Il passato non si può cambiare. È un tormentone, forse una profezia che si autoavvera, di molti film a tema viaggio nel tempo. "Indiana Jones e il quadrante del destino" conferma che non è possibile neanche emularlo, il passato – la trilogia originale di Spielberg-Lucas resta leggenda. E dimostra che, rispetto al passato, è possibile fare peggio. Molto peggio.
È un pastrocchio notevole questo quinto episodio diretto da James Mangold. Le prime sequenze, ingannevoli, sembrano incoraggianti: nazisti, anni 40… fin qui è un decoroso déjà-vu; c'è un forziere destinato al führer e qualcuno pronuncia "lancia di Longino". Parrebbe questa la nuova avventura di Indiana Jones; non semplice archeologia ma, ancora una volta, avrebbe a dire il padre, "una lotta contro l’armata delle tenebre". Bastano pochi minuti a far svanire la suggestione perché appare un prigioniero – "Amerikaner!" – dalla testa coperta: con l’ingenua fretta di mostrare il protagonista, quasi a rassicurare il pubblico di fronte a un film incerto, ecco Harrison Ford anni 80, con un lifting offerto dai mezzi prodigiosi e posticci del nostro cinema. L’azione, come i guai, non si fa attendere.
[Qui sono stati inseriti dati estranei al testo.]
lemma indicator_excess_power2_half_line:
  assumes a: "0 < a" and b: "0 \<le> b"
  shows "indicator {0..} z * (excess b (a * z))\<^sup>2 = indicator {b / a..} z * (a * z - b)\<^sup>2"
proof (cases "b / a \<le> z")
  case True
  then have "b \<le> a * z"
    using a by (simp add: pos_divide_le_eq mult.commute)
  moreover have "0 \<le> b / a"
    using a b by simp
  then have "0 \<le> z"
    using True by linarith
  ultimately show ?thesis
    using True b by (simp add: excess_def)
next
  case False
  then have "a * z < b"
    using a by (simp add: not_le pos_less_divide_eq mult.commute)
  then have "0 \<le> z \<Longrightarrow> excess b (a * z) = 0"
    using a by (simp add: excess_def)
  then show ?thesis
    using False by (auto simp: indicator_def)
qed

lemma integral_gauss_excess_power2_half_line:
  assumes a: "0 < a" and b: "0 \<le> b"
  shows "(\<integral>z. (excess b (a * z))\<^sup>2 \<partial>gauss 1) =
    2 * (LINT z:{b / a..}|lborel. std_normal_density z * (a * z - b)\<^sup>2)"
proof -
  define g where "g z = std_normal_density z * (excess b (a * z))\<^sup>2" for z
  define h where "h z = std_normal_density z * (a * z - b)\<^sup>2" for z
  have [measurable]: "g \<in> borel_measurable borel"
    unfolding g_def[abs_def] excess_def by measurable
  have [measurable]: "h \<in> borel_measurable borel"
    unfolding h_def[abs_def] by measurable
  have "integrable (gauss 1) (\<lambda>z. (a * z - b)\<^sup>2)"
  proof (rule integrable_gauss_quartic_bound[where A = "2 * a\<^sup>2 + 2 * b\<^sup>2"])
    show "\<bar>(a * z - b)\<^sup>2\<bar> \<le> (2 * a\<^sup>2 + 2 * b\<^sup>2) * (1 + z ^ 4)" for z
    proof -
      have "(a * z - b)\<^sup>2 \<le> 2 * a\<^sup>2 * z\<^sup>2 + 2 * b\<^sup>2 * 1"
        using power2_add_le[of "a * z" "- b"] by (simp add: power_mult_distrib)
      also have "\<dots> \<le> 2 * a\<^sup>2 * (1 + z ^ 4) + 2 * b\<^sup>2 * (1 + z ^ 4)"
        using power2_le_one_plus_power4[of z] by (intro add_mono mult_left_mono) (auto simp: zero_le_even_power)
      finally show ?thesis
        by (simp add: algebra_simps)
    qed
  qed simp_all
  then have "integrable lborel h"
    unfolding h_def by (subst (asm) integrable_gauss_iff) auto
  then have "has_bochner_integral lborel (\<lambda>z. indicator {b / a..} z *\<^sub>R h z) (LINT z:{b / a..}|lborel. h z)"
    unfolding set_lebesgue_integral_def
    by (intro has_bochner_integral_integrable integrable_mult_indicator) auto
  moreover have "indicator {0..} z *\<^sub>R g z = indicator {b / a..} z *\<^sub>R h z" for z
    using indicator_excess_power2_half_line[OF a b, of z] by (simp add: g_def h_def mult.left_commute)
  ultimately have "has_bochner_integral lborel g (2 *\<^sub>R (LINT z:{b / a..}|lborel. h z))"
    by (intro has_bochner_integral_even_function) (auto simp: g_def normal_density_def excess_def)
  moreover have "(\<integral>z. (excess b (a * z))\<^sup>2 \<partial>gauss 1) = integral\<^sup>L lborel g"
    by (subst integral_gauss) (auto simp: g_def[abs_def] excess_def)
  ultimately show ?thesis
    by (simp add: has_bochner_integral_iff h_def)
qed
lemma primitive_variation_le:
  assumes F: "integrable lborel F"
  shows "(\<Sum>k<K. \<bar>primitive F (real k + 1/2) - primitive F (real k)\<bar>) \<le> (\<integral>t. \<bar>F t\<bar> \<partial>lborel)"
proof -
  let ?I = "\<lambda>k. {real k<..real k + 1/2}"
  have iI: "integrable lborel (\<lambda>t. indicator (?I k) t * \<bar>F t\<bar>)" for k
    using integrable_indicator_mult[of "\<lambda>t. \<bar>F t\<bar>" "?I k"] F by auto
  have "\<bar>primitive F (real k + 1/2) - primitive F (real k)\<bar> \<le> (\<integral>t. indicator (?I k) t * \<bar>F t\<bar> \<partial>lborel)" for k
  proof -
    have "primitive F (real k + 1/2) - primitive F (real k) = (\<integral>t. indicator (?I k) t * F t \<partial>lborel)"
      by (rule primitive_diff[OF F]) simp
    also have "\<bar>\<dots>\<bar> \<le> (\<integral>t. indicator (?I k) t * \<bar>F t\<bar> \<partial>lborel)"
      by (rule integral_abs_bound_integral[OF integrable_indicator_mult[OF F] iI]) (auto simp: indicator_def)
    finally show ?thesis .
  qed
  then have "(\<Sum>k<K. \<bar>primitive F (real k + 1/2) - primitive F (real k)\<bar>)
             \<le> (\<Sum>k<K. \<integral>t. indicator (?I k) t * \<bar>F t\<bar> \<partial>lborel)"
    by (rule sum_mono)
  also have "\<dots> = (\<integral>t. (\<Sum>k<K. indicator (?I k) t) * \<bar>F t\<bar> \<partial>lborel)"
    by (simp add: Bochner_Integration.integral_sum[symmetric] iI sum_distrib_right)
  also have "\<dots> \<le> (\<integral>t. \<bar>F t\<bar> \<partial>lborel)"
  proof (rule integral_mono)
    show "integrable lborel (\<lambda>t. (\<Sum>k<K. indicator (?I k) t) * \<bar>F t\<bar>)"
      using Bochner_Integration.integrable_sum[of "{..<K}", OF iI] by (simp add: sum_distrib_right)
    show "(\<Sum>k<K. indicator (?I k) t) * \<bar>F t\<bar> \<le> \<bar>F t\<bar>" for t
      using mult_right_mono[OF sum_indicator_half_intervals_le_1, of "\<bar>F t\<bar>"] by simp
  qed (use F in auto)
  finally show ?thesis .
qed

lemma wave_peaks_le_L1_norm:
  assumes F: "integrable lborel F" and eq: "\<And>x. 0 \<le> x \<Longrightarrow> x \<le> real K \<Longrightarrow> primitive F x = wave x"
  shows "(\<Sum>k<K. wave_peak k) \<le> (\<integral>t. \<bar>F t\<bar> \<partial>lborel)"
proof -
  have "wave_peak k = \<bar>primitive F (real k + 1/2) - primitive F (real k)\<bar>" if "k < K" for k
  proof -
    have "real k + 1/2 \<le> real K" using that by (simp add: nat_less_real_le)
    then show ?thesis using eq[of "real k"] eq[of "real k + 1/2"]
      by (simp add: wave_peak_def wave_of_int wave_nonneg)
  qed
  then have "(\<Sum>k<K. wave_peak k) = (\<Sum>k<K. \<bar>primitive F (real k + 1/2) - primitive F (real k)\<bar>)"
    by (intro sum.cong) auto
  also have "\<dots> \<le> (\<integral>t. \<bar>F t\<bar> \<partial>lborel)" by (rule primitive_variation_le[OF F])
  finally show ?thesis .
qed

lemma wave_trunc_in_L1n: "distD (Suc n) (wave_trunc K) \<in> L1n n"
  unfolding L1n_def distD_wave_deriv_trunc[symmetric]
  using wave_deriv_trunc_integrable by (intro CollectI exI[of _ "wave_deriv_trunc K"]) simp
(* Let $\mu$ be a distribution on $\Sigma\times\Gamma$ (finite sets) and $t:\mathsf{supp}(\mu)\to\mathbb{Z}_m$, defining a two-player $\mathsf{XOR}$ game $\mathcal{G}$ that is connected and has value less than $1$. Let $T(x,y)=\omega^{-t(x,y)}$ with $\omega=e^{2\pi i/m}$. Then there is a constant $c=c(\mathcal{G},\mu)>0$ such that for all $n$ and all $F:\Sigma^n\to\mathbb{D}$, $G:\Gamma^n\to\mathbb{D}$, $$\left|\mathbb{E}_{(x,y)\sim\mu^{\otimes n}}\Big[F(x)G(y)\prod_{i=1}^nT(x_i,y_i)\Big]\right|\le 2^{-cn}.$$
   Context: $\mathbb{D}$ is the closed unit disk in $\mathbb{C}$. The game is connected if the bipartite graph on vertex set $\Sigma\sqcup\Gamma$ with edge set $\mathsf{supp}(\mu)$ is connected. The value of the game is $\max_{f:\Sigma\to\mathbb{Z}_m,\,g:\Gamma\to\mathbb{Z}_m}\Pr_{(x,y)\sim\mu}[f(x)+g(y)=t(x,y)]$. *)

theory Defs
  imports "HOL-Analysis.Analysis"
begin

definition is_distribution :: "('a::finite \<times> 'b::finite \<Rightarrow> real) \<Rightarrow> bool" where
  "is_distribution \<mu> \<longleftrightarrow> (\<forall>p. \<mu> p \<ge> 0) \<and> (\<Sum>p\<in>UNIV. \<mu> p) = 1"

definition supp :: "('a \<times> 'b \<Rightarrow> real) \<Rightarrow> ('a \<times> 'b) set" where
  "supp \<mu> = {p. \<mu> p \<noteq> 0}"

definition game_edge :: "('a \<times> 'b \<Rightarrow> real) \<Rightarrow> ('a + 'b) \<Rightarrow> ('a + 'b) \<Rightarrow> bool" where
  "game_edge \<mu> u v \<longleftrightarrow>
     (\<exists>x y. (x, y) \<in> supp \<mu> \<and> ((u = Inl x \<and> v = Inr y) \<or> (u = Inr y \<and> v = Inl x)))"

definition game_connected :: "('a \<times> 'b \<Rightarrow> real) \<Rightarrow> bool" where
  "game_connected \<mu> \<longleftrightarrow> (\<forall>u v. (game_edge \<mu>)\<^sup>*\<^sup>* u v)"

(* Elements of Z_m are represented by integers, equality in Z_m is congruence mod m;
   t is only relevant on supp \<mu>. *)
definition win_prob :: "('a::finite \<times> 'b::finite \<Rightarrow> real) \<Rightarrow> nat \<Rightarrow> ('a \<Rightarrow> 'b \<Rightarrow> int)
    \<Rightarrow> ('a \<Rightarrow> int) \<Rightarrow> ('b \<Rightarrow> int) \<Rightarrow> real" where
  "win_prob \<mu> m t f g = (\<Sum>(x, y)\<in>UNIV. if (f x + g y) mod int m = t x y mod int m then \<mu> (x, y) else 0)"

definition xor_value :: "('a::finite \<times> 'b::finite \<Rightarrow> real) \<Rightarrow> nat \<Rightarrow> ('a \<Rightarrow> 'b \<Rightarrow> int) \<Rightarrow> real" where
  "xor_value \<mu> m t = Max {win_prob \<mu> m t f g | f g.
      (\<forall>x. f x \<in> {0..<int m}) \<and> (\<forall>y. g y \<in> {0..<int m})}"

definition omega :: "nat \<Rightarrow> complex" where
  "omega m = exp (2 * pi * \<i> / of_nat m)"

definition Tfun :: "nat \<Rightarrow> ('a \<Rightarrow> 'b \<Rightarrow> int) \<Rightarrow> 'a \<Rightarrow> 'b \<Rightarrow> complex" where
  "Tfun m t x y = omega m powi (- t x y)"
lemma christoffel_cone:
  fixes h :: "real^'n \<Rightarrow> 'n \<Rightarrow> 'n \<Rightarrow> real"
  assumes t: "t > 0" and inv: "invertible (\<chi> a b. h x a b)"
    and sym: "\<And>i j. h x i j = h x j i"
    and dif: "\<And>i j. (\<lambda>q. h q i j) differentiable at x"
  shows "christoffel (cone_metric h) (cone_pt t x) a b c =
    (case a of
       Inl _ \<Rightarrow> (case (b, c) of (Inr i, Inr j) \<Rightarrow> - t * h x i j | _ \<Rightarrow> 0)
     | Inr k \<Rightarrow> (case (b, c) of
         (Inl _, Inr j) \<Rightarrow> (if k = j then 1 / t else 0)
       | (Inr i, Inl _) \<Rightarrow> (if k = i then 1 / t else 0)
       | (Inr i, Inr j) \<Rightarrow> christoffel h x k i j
       | _ \<Rightarrow> 0))"
proof -
  note defs = christoffel_def sum_UNIV_unit_plus inv_metric_cone[where h=h and x=x, OF t inv]
    pd_cone_metric_Inl pd_cone_metric_Inr[OF dif]
  have t0: "t \<noteq> 0"
    using t by simp
  have radial: "(\<Sum>l\<in>UNIV. inv_metric h x k l * (2 * t * h x j l) / t^2) = (if k = j then 2 / t else 0)"
    for k j
  proof -
    have "(\<Sum>l\<in>UNIV. inv_metric h x k l * (2 * t * h x j l) / t^2)
        = 2 / t * (\<Sum>l\<in>UNIV. inv_metric h x k l * h x l j)"
      unfolding sum_distrib_left using t0 by (intro sum.cong) (auto simp: sym[of j] power2_eq_square)
    then show ?thesis
      using inv_metric_left[of h x k j, OF inv] by simp
  qed
  show ?thesis
  proof (cases a; cases b; cases c)
    fix k i j assume "a = Inr k" "b = Inr i" "c = Inr j"
    moreover have "(\<Sum>l\<in>UNIV. inv_metric h x k l / t^2 * (t^2 * pd (\<lambda>q. h q j l) x i
          + t^2 * pd (\<lambda>q. h q i l) x j - t^2 * pd (\<lambda>q. h q i j) x l))
        = (\<Sum>l\<in>UNIV. inv_metric h x k l * (pd (\<lambda>q. h q j l) x i
          + pd (\<lambda>q. h q i l) x j - pd (\<lambda>q. h q i j) x l))"
      using t0 by (intro sum.cong) (auto simp: field_simps)
    ultimately show ?thesis
      by (simp add: defs)
  qed (auto simp: defs radial)
qed

lemma cov_deriv_cone:
  fixes h :: "real^'n \<Rightarrow> 'n \<Rightarrow> 'n \<Rightarrow> real"
  assumes t: "t > 0" and inv: "invertible (\<chi> a b. h x a b)"
    and sym: "\<And>i j. h x i j = h x j i"
    and dif: "\<And>i j. (\<lambda>q. h q i j) differentiable at x"
  shows "cov_deriv (cone_metric h) (cone_phi J) (cone_pt t x) a k j =
    (case a of
       Inl _ \<Rightarrow> 0
     | Inr i \<Rightarrow> (case (k, j) of
         (Inr k', Inr j') \<Rightarrow> cov_deriv h J x i k' j'
       | (Inl _, Inr j') \<Rightarrow> - t * assoc_metric (h x) (J x) i j'
       | (Inr k', Inl _) \<Rightarrow> - J x k' i / t
       | _ \<Rightarrow> 0))"
  by (cases a; cases k; cases j)
     (simp_all add: cov_deriv_def sum_UNIV_unit_plus christoffel_cone[where h=h and x=x, OF t inv sym dif]
      cone_phi_cone_pt pd_cone_phi_Inl pd_cone_phi_Inr assoc_metric_def
      if_distrib[of "\<lambda>y. y * _"] sum_negf sum_distrib_left mult.assoc cong: if_cong)

section \<open>The square norm of \<open>\<nabla>\<phi>\<close> on the cone\<close>

lemma sq_norm_cov_nested:
  "sq_norm_cov G A p = (\<Sum>i\<in>UNIV. \<Sum>j\<in>UNIV. inv_metric G p i j *
     (\<Sum>k\<in>UNIV. \<Sum>s\<in>UNIV. inv_metric G p k s *
        (\<Sum>a\<in>UNIV. \<Sum>b\<in>UNIV. G p a b * cov_deriv G A p i a k * cov_deriv G A p j b s)))"
  unfolding sq_norm_cov_def by (simp add: sum_distrib_left mult.assoc)

lemma cone_metric_pairing:
  "(\<Sum>a\<in>UNIV. \<Sum>b\<in>UNIV. cone_metric h (cone_pt t x) a b * X a * Y b)
     = X (Inl ()) * Y (Inl ()) + t^2 * (\<Sum>i\<in>UNIV. \<Sum>j\<in>UNIV. h x i j * X (Inr i) * Y (Inr j))"
  by (simp add: sum_UNIV_unit_plus cone_metric_cone_pt sum_distrib_left mult.assoc)

lemma cone_inv_metric_contraction:
  fixes h :: "real^'n \<Rightarrow> 'n \<Rightarrow> 'n \<Rightarrow> real"
  assumes "t > 0" and "invertible (\<chi> a b. h x a b)"
  shows "(\<Sum>a\<in>UNIV. \<Sum>b\<in>UNIV. inv_metric (cone_metric h) (cone_pt t x) a b * F a b)
     = F (Inl ()) (Inl ()) + (\<Sum>i\<in>UNIV. \<Sum>j\<in>UNIV. inv_metric h x i j * F (Inr i) (Inr j)) / t^2"
  by (simp add: sum_UNIV_unit_plus inv_metric_cone[where h=h and x=x, OF assms] sum_divide_distrib)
Fuggito, Indiana si lancia all’inseguimento a bordo di un sidecar; le scene di "L’ultima crociata" sono un ricordo, perché qui l’azione è pasticciata. Il protagonista questa volta si tuffa in corsa da un’auto a una moto; l’eroe intuitivo e spericolato diventa un banale macho americano; non è colpa del gesto in sé, né di inquadrature e montaggio a casaccio, e non riguarda la nostalgia per il terzo episodio (quell’assalto al carrarmato a galoppo di un cammello…); l’impresa è goffa, nella messinscena prima ancora che nei movimenti della controfigura, quasi a significare che non c’è lifting che possa restituire il vecchio Indy. La scena peggiora quando, tempo della narrazione, fine anni 60, il professor Jones, anziano e pensionato, abbatte gli scaffali di un archivio in un maldestro tentativo di fuga. E tocca il fondo, se possibile, nello scontro in albergo, dove le sane logiche che governavano sparatorie e scazzottate scemano e, come in un film di John Wick, e meglio che in Bud Spencer e Terence Hill, gli avversari si dispongono per essere colpiti o elusi. Nel "Regno del teschio di cristallo" si era ricorso alla mite e dubbia ironia sul protagonista per giustificarne le prodezze tardive; qui invece ciascuna sequenza sembra una prova scenica o una continua parodia.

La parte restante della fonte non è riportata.